The bees are busy, the birds are clamoring and the children, I’m told by those with young ones, are restless and wild. Sights and sounds help orchestrate our internal selves; but none so strong as smell.

Cutting the grass the other day, I got a deep whiff of a smell that took me directly back to the summer of my youth; somehow in that one breath all the long, carefree, adventure awaiting days came back to me. So different then my current list of weed-pulling, trimming, shopping, organizing, etc., in that one whiff I could smell possibility.

Remember that?

My younger self would have just plucked one of those clusters of tiny white flowers and tucked it behind an ear. My older self googled this small tree that grows outside my fence and found out that it’s a tea olive tree (Osmanthus fragrans). This small evergreen tree has amazing fragrant flowers that can bloom several times a year.

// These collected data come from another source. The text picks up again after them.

theorem distr_PiM_eq_if_joint_char_eq:
  fixes Y :: "'i \<Rightarrow> 'a \<Rightarrow> real" and Y' :: "'i \<Rightarrow> 'b \<Rightarrow> real"
  assumes M: "prob_space M" and N: "prob_space N" and I: "finite I"
    and Y: "\<And>j. j \<in> I \<Longrightarrow> Y j \<in> borel_measurable M" and Y': "\<And>j. j \<in> I \<Longrightarrow> Y' j \<in> borel_measurable N"
    and char_eq: "\<And>t. (CLINT \<omega>|M. iexp (\<Sum>j\<in>I. t j * Y j \<omega>)) = (CLINT \<omega>|N. iexp (\<Sum>j\<in>I. t j * Y' j \<omega>))"
  shows "distr M (PiM I (\<lambda>_. borel)) (\<lambda>\<omega>. \<lambda>j\<in>I. Y j \<omega>) = distr N (PiM I (\<lambda>_. borel)) (\<lambda>\<omega>. \<lambda>j\<in>I. Y' j \<omega>)"
proof (rule measure_eqI_PiM_finite[OF I, where A="\<lambda>_. space (PiM I (\<lambda>_. borel))"])
  fix A :: "'i \<Rightarrow> real set" assume A: "\<And>j. j \<in> I \<Longrightarrow> A j \<in> sets borel"
  interpret M: prob_space M by fact
  interpret N: prob_space N by fact
  have "(LINT \<omega>|M. 1 * (\<Prod>j\<in>I. indicator (A j) (Y j \<omega>)) :: real)
      = (LINT \<omega>|N. 1 * (\<Prod>j\<in>I. indicator (A j) (Y' j \<omega>)))"
    using A Y Y' char_eq
    by (intro weighted_box_integral_eq_if_joint_char_eq[OF I, where H="\<lambda>_. 1" and H'="\<lambda>_. 1"]) auto
  then show "emeasure (distr M (PiM I (\<lambda>_. borel)) (\<lambda>\<omega>. \<lambda>j\<in>I. Y j \<omega>)) (Pi\<^sub>E I A)
      = emeasure (distr N (PiM I (\<lambda>_. borel)) (\<lambda>\<omega>. \<lambda>j\<in>I. Y' j \<omega>)) (Pi\<^sub>E I A)"
    using M N I A Y Y' by (simp add: emeasure_distr_PiM_box)
next
  show "range (\<lambda>_. space (PiM I (\<lambda>_. borel))) \<subseteq> prod_algebra I (\<lambda>_. borel)"
    using prod_algebraI_finite[OF I, of "\<lambda>_. UNIV" "\<lambda>_. borel"] by (auto simp: space_PiM)
  have "prob_space (distr M (PiM I (\<lambda>_. borel)) (\<lambda>\<omega>. \<lambda>j\<in>I. Y j \<omega>))"
    using M Y by (intro prob_space.prob_space_distr measurable_restrict) auto
  then show "emeasure (distr M (PiM I (\<lambda>_. borel)) (\<lambda>\<omega>. \<lambda>j\<in>I. Y j \<omega>)) (space (PiM I (\<lambda>_. borel))) \<noteq> \<infinity>"
    using prob_space.emeasure_space_1 by fastforce
qed auto

lemma integral_pair_measure_mult:
  fixes f :: "'a \<Rightarrow> complex" and g :: "'b \<Rightarrow> complex"
  assumes "prob_space M" "prob_space N"
    and [measurable]: "f \<in> borel_measurable M" "g \<in> borel_measurable N"
    and "\<And>x. x \<in> space M \<Longrightarrow> norm (f x) \<le> 1" "\<And>y. y \<in> space N \<Longrightarrow> norm (g y) \<le> 1"
  shows "(CLINT p|M \<Otimes>\<^sub>M N. f (fst p) * g (snd p)) = integral\<^sup>L M f * integral\<^sup>L N g"
proof -
  interpret pair_prob_space M N
    using assms(1,2) by (simp add: pair_prob_space_def pair_sigma_finite_def prob_space_imp_sigma_finite)
  have "integrable (M \<Otimes>\<^sub>M N) (\<lambda>p. f (fst p) * g (snd p))"
    using assms(5,6) by (intro P.integrable_const_bound[where B=1] AE_I2)
      (auto simp: space_pair_measure norm_mult intro: mult_le_one)
  then show ?thesis
    by (simp add: integral_fst'[symmetric])
qed

lemma nn_integral_sum_sum:
  assumes "\<And>i j. i \<in> I \<Longrightarrow> j \<in> J i \<Longrightarrow> f i j \<in> borel_measurable M"
  shows "(\<integral>\<^sup>+x. (\<Sum>i\<in>I. \<Sum>j\<in>J i. f i j x) \<partial>M) = (\<Sum>i\<in>I. \<Sum>j\<in>J i. \<integral>\<^sup>+x. f i j x \<partial>M)"
proof -
  have "(\<integral>\<^sup>+x. (\<Sum>i\<in>I. \<Sum>j\<in>J i. f i j x) \<partial>M) = (\<Sum>i\<in>I. \<integral>\<^sup>+x. (\<Sum>j\<in>J i. f i j x) \<partial>M)"
    using assms by (intro nn_integral_sum borel_measurable_sum) auto
  also have "\<dots> = (\<Sum>i\<in>I. \<Sum>j\<in>J i. \<integral>\<^sup>+x. f i j x \<partial>M)"
    using assms by (intro sum.cong refl nn_integral_sum) auto
  finally show ?thesis .
qed

section \<open>Gaussian random variables\<close>

context prob_space
begin

lemma variance_eq_covariance: "variance Y = covariance M Y Y"
  by (simp add: covariance_def power2_eq_square)

lemma gaussian_rv_add_const:
  assumes "gaussian_rv M G"
  shows "gaussian_rv M (\<lambda>\<omega>. G \<omega> + d)"
proof -
  from assms obtain m s where G: "G \<in> borel_measurable M"
    and "(0 < s \<and> distributed M lborel G (normal_density m s)) \<or> (AE \<omega> in M. G \<omega> = m)"
    by (auto simp: gaussian_rv_def)
  then consider "0 < s" "distributed M lborel G (normal_density m s)" | "AE \<omega> in M. G \<omega> = m"
    by blast
  then show ?thesis
  proof cases
    case 1
    then have "distributed M lborel (\<lambda>\<omega>. d + 1 * G \<omega>) (normal_density (d + 1 * m) (\<bar>1\<bar> * s))"
      by (intro normal_density_affine) auto
    then show ?thesis
      using 1 G by (auto simp: gaussian_rv_def add.commute)
  next
    case 2
    then have "AE \<omega> in M. G \<omega> + d = m + d"
      by eventually_elim simp
    then show ?thesis
      using G unfolding gaussian_rv_def by (intro conjI exI[of _ "m + d"] disjI2) auto
  qed
qed
lemma even_distinct_gf_congruence:
  assumes "0 < k"
  shows "fps_X ^ (k + 1) dvd even_distinct_gf k * (1 - fps_X) - gt1_nondvd4_gf k"
proof -
  let ?O = "\<Prod>j=1..k. if odd j then 1 - fps_X ^ j else 1 :: int fps"
  let ?E = "\<Prod>j=1..k. if even j then 1 + fps_X ^ j else 1 :: int fps"
  let ?P2 = "\<Prod>j=1..k. if j mod 4 = 2 then 1 - fps_X ^ j else 1 :: int fps"
  let ?P = "\<Prod>j=1..k. if 1 < j \<and> \<not> 4 dvd j then 1 - fps_X ^ j else 1 :: int fps"
  have T: "even_distinct_gf k * ?O = ?E"
    using restricted_gf_product[of "\<lambda>_. True" even k] by simp
  have Q: "gt1_nondvd4_gf k * ?P = 1"
    using restricted_gf_product[of "\<lambda>j. 1 < j \<and> \<not> 4 dvd j" "\<lambda>_. False" k] by simp
  have "(if odd j then a else 1) * (if j mod 4 = 2 then a else 1) =
        (if j = 1 then a else 1) * (if 1 < j \<and> \<not> 4 dvd j then a else 1)"
    if "1 \<le> j" for j :: nat and a :: "int fps"
  proof -
    have "\<not> (odd j \<and> j mod 4 = 2)" and "(1 < j \<and> \<not> 4 dvd j) \<longleftrightarrow> (odd j \<and> j \<noteq> 1) \<or> j mod 4 = 2"
      using that by presburger+
    then show ?thesis by auto
  qed
  then have "?O * ?P2 = (\<Prod>j=1..k. (if j = 1 then 1 - fps_X ^ j else 1) *
                       (if 1 < j \<and> \<not> 4 dvd j then 1 - fps_X ^ j else 1))"
    unfolding prod.distrib[symmetric] by (intro prod.cong) auto
  also have "\<dots> = (1 - fps_X) * ?P"
    using assms by (simp add: prod.distrib)
  finally have OP: "?O * ?P2 = (1 - fps_X) * ?P" .
  have "even_distinct_gf k * (1 - fps_X) - gt1_nondvd4_gf k =
        gt1_nondvd4_gf k * (even_distinct_gf k * (1 - fps_X) * ?P - 1)"
    using Q by (simp add: algebra_simps)
  also have "\<dots> = gt1_nondvd4_gf k * (?E * ?P2 - 1)"
    unfolding mult.assoc OP[symmetric] T[symmetric] ..
  finally show ?thesis
    using glaisher_congruence[of k] by (simp add: dvd_mult)
qed

lemma DE2_gf_congruence:
  "fps_X ^ (2 * N + 2) dvd (1 + fps_X ^ 3) * DE2_gf (2 * N + 1) - (gt1_nondvd4_gf (2 * N + 1) - 1)"
proof -
  define k where "k = 2 * N + 1"
  let ?T = "even_distinct_gf k"
  have exponents: "2 * N + 2 = k + 1" "4 * N + 5 = (k + 1) + (k + 2)"
    unfolding k_def by simp_all
  then have "(1 + fps_X ^ 3) * DE2_gf k =
      ?T * (1 - fps_X + fps_X ^ (k + 1) + fps_X ^ (k + 1) * fps_X ^ (k + 2)) - 1"
    using DE2_gf_telescoping[of N] unfolding k_def[symmetric] by (simp only: power_add)
  then have "(1 + fps_X ^ 3) * DE2_gf k - (gt1_nondvd4_gf k - 1) =
        (?T * (1 - fps_X) - gt1_nondvd4_gf k) + fps_X ^ (k + 1) * (?T + fps_X ^ (k + 2) * ?T)"
    by (simp add: algebra_simps del: power_Suc)
  also have "fps_X ^ (k + 1) dvd \<dots>"
    using even_distinct_gf_congruence[of k] unfolding k_def by (simp add: dvd_add)
  finally show ?thesis
    unfolding exponents k_def[symmetric] .
qed

theorem corollary2:
  fixes n :: int
  assumes "n > 0"
  shows "DE2 n + DE2 (n - 3) =
         card {M \<in> partitions (nat n). \<forall>x\<in>#M. 1 < x \<and> \<not> 4 dvd x}"
proof -
  define m where "m = nat n"
  have n: "n = int m" and "0 < m"
    using assms unfolding m_def by auto
  have "((1 + fps_X ^ 3) * DE2_gf (2 * m + 1)) $ m = (gt1_nondvd4_gf (2 * m + 1) - 1) $ m"
    by (rule fps_nth_eq_if_X_power_dvd_diff[OF DE2_gf_congruence]) simp
  then show ?thesis
    using \<open>0 < m\<close> unfolding n
    by (simp add: DE2_shift_nth restricted_gf_nth restricted_partitions_unbounded)
qed

end
lemma tab_ins_tableau: "tableau s T \<Longrightarrow> tableau s (tab_ins (slt s) x T)"
proof (induction T arbitrary: x)
  case Nil then show ?case by simp
next
  case (Cons r rs)
  obtain c r' where ins: "row_ins (slt s) x r = (c, r')" by (cases "row_ins (slt s) x r")
  have sr': "sorted_wrt (sle s) r'" using row_ins_sorted[of s r x c r'] Cons.prems ins by simp
  show ?case
  proof (cases c)
    case None
    have "r' = r @ [x]" using row_ins_None[of "slt s" x r r'] ins None by simp
    then have "col_strict s r' rs" using Cons.prems by (cases rs) (auto simp: nth_append)
    then show ?thesis using ins None Cons.prems sr' by simp
  next
    case (Some y)
    obtain j where j: "j < length r" "y = r ! j" "r' = r[j := x]" "slt s x y"
        "\<forall>i<j. \<not> slt s x (r ! i)" using row_ins_Some[of "slt s" x r y r'] ins Some by blast
    have "col_strict s r' (tab_ins (slt s) y rs)"
      using col_strict_tab_ins[of s r rs j y x] Cons.prems j by (simp add: not_slt)
    then show ?thesis using ins Some Cons.prems Cons.IH sr' by simp
  qed
qed

lemma rsk_tableau: "tableau s (rsk (slt s) u)"
proof (induction u rule: rev_induct)
  case Nil then show ?case by (simp add: rsk_def)
next
  case (snoc x u)
  then show ?case using tab_ins_tableau by (simp add: rsk_def)
qed

fun row_colouring :: "nat \<Rightarrow> nat \<Rightarrow> nat list list \<Rightarrow> (nat \<times> nat option) list" where
  "row_colouring k off [] = []"
| "row_colouring k off (r # rs) =
     row_colouring k (Suc off) rs @ map (\<lambda>a. (a, if off < k then Some off else None)) r"
lemma flat_subset_sharp:
  assumes "is_rel scale C"
  shows "flat C \<subseteq> sharp C"
proof
  fix x assume "x \<in> flat C"
  then obtain a b where "a \<in> sharp C" "b \<in> sharp C" "x = a + b"
    using sprime_subset_dprime unfolding flat_def sharp_def set_plus_iff by blast
  then show "x \<in> sharp C"
    using subspace_add[OF sharp_subspace[OF assms]] by blast
qed

lemma coset_eq_iff:
  assumes "is_rel scale C"
  shows "coset C a = coset C b \<longleftrightarrow> a - b \<in> flat C"
proof
  note F = flat_subspace[OF assms]
  assume "coset C a = coset C b"
  moreover have "a \<in> coset C a"
    using subspace_0[OF F] by (simp add: coset_iff)
  ultimately show "a - b \<in> flat C"
    by (simp add: coset_iff)
next
  note F = flat_subspace[OF assms]
  assume "a - b \<in> flat C"
  moreover have "z - b = (z - a) + (a - b)" "z - a = (z - b) - (a - b)" for z
    by simp_all
  ultimately show "coset C a = coset C b"
    using subspace_add[OF F] subspace_diff[OF F] by (metis set_eqI coset_iff)
qed

lemma coset_add:
  assumes "is_rel scale C"
  shows "qadd (coset C a) (coset C b) = coset C (a + b)"
proof (rule set_eqI, rule iffI)
  note F = flat_subspace[OF assms]
  fix z assume "z \<in> qadd (coset C a) (coset C b)"
  then obtain x y where "x - a \<in> flat C" "y - b \<in> flat C" "z = x + y"
    unfolding qadd_def set_plus_iff by (auto simp: coset_iff)
  moreover have "x + y - (a + b) = (x - a) + (y - b)"
    by simp
  ultimately show "z \<in> coset C (a + b)"
    using subspace_add[OF F] unfolding coset_iff by metis
next
  note F = flat_subspace[OF assms]
  fix z assume "z \<in> coset C (a + b)"
  then have "z - b \<in> coset C a" and "b \<in> coset C b"
    using subspace_0[OF F] by (simp_all add: coset_iff algebra_simps)
  then show "z \<in> qadd (coset C a) (coset C b)"
    unfolding qadd_def set_plus_iff by (metis diff_add_cancel)
qed

lemma coset_scale:
  assumes "is_rel scale C"
  shows "qscale scale C r (coset C a) = coset C (r *s a)"
proof (rule set_eqI, rule iffI)
  note F = flat_subspace[OF assms]
  fix z assume "z \<in> qscale scale C r (coset C a)"
  then obtain x d where "x - a \<in> flat C" "d \<in> flat C" "z = r *s x + d"
    unfolding qscale_def set_plus_iff by (auto simp: coset_iff)
  moreover have "r *s x + d - r *s a = r *s (x - a) + d"
    by (simp add: scale_right_diff_distrib)
  ultimately show "z \<in> coset C (r *s a)"
    using subspace_add[OF F] subspace_scale[OF F] unfolding coset_iff by metis
next
  note F = flat_subspace[OF assms]
  fix z assume "z \<in> coset C (r *s a)"
  moreover have "r *s a \<in> scale r ` coset C a"
    using subspace_0[OF F] by (simp add: coset_iff)
  ultimately show "z \<in> qscale scale C r (coset C a)"
    unfolding qscale_def set_plus_iff coset_iff by (metis add.commute diff_add_cancel)
qed

lemma zero_successor_in_flat:
  assumes "is_rel scale C" and "(0, y) \<in> C" and "y \<in> dprime C"
  shows "y \<in> flat C"
proof -
  have C': "is_rel scale (C\<inverse>)"
    using assms(1) by (rule is_rel_converse)
  have "y \<in> sprime (C\<inverse>)"
    using sprime_iff_step[of y "C\<inverse>"] assms(2) subspace_0[OF sprime_subspace[OF C']] by blast
  moreover have "0 \<in> dprime (C\<inverse>) \<inter> sprime C"
    using subspace_0[OF dprime_subspace[OF C']] subspace_0[OF sprime_subspace[OF assms(1)]] by blast
  moreover have "y = y + 0"
    by simp
  ultimately show ?thesis
    using assms(3) unfolding flat_def set_plus_iff by blast
qed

Nothing to really look at, the tea olive is sometimes called a sweet olive for the delicious perfume of the flower clusters that smell something like a peach or orange scent. It must have naturalized by the river house my grandparents took us to each summer. I can’t say I remembered it until I did.

Smell is like that. According to, incoming smells are first processed by the olfactory bulb, which starts inside the nose and runs along the bottom of the brain. The olfactory bulb has direct connections to two brain areas that are strongly implicated in emotion and memory: the amygdala and hippocampus. Interestingly, visual, auditory (sound), and tactile (touch) information do not pass through these brain areas. This may be why olfaction, more than any other sense, is so successful at triggering emotions and memories.

In our modern landscapes we usually gravitate to visual appeal, and while I wouldn’t recommend the tea olive as a landscape specimen for its looks, I’m thrilled to have one on the fence line and to have that instant memory of the joy of summertime and to remember to relax, watch the fireflies and tuck a fragrant flower behind my ear.

Do you have a favorite smell memory? I'd love to hear about it.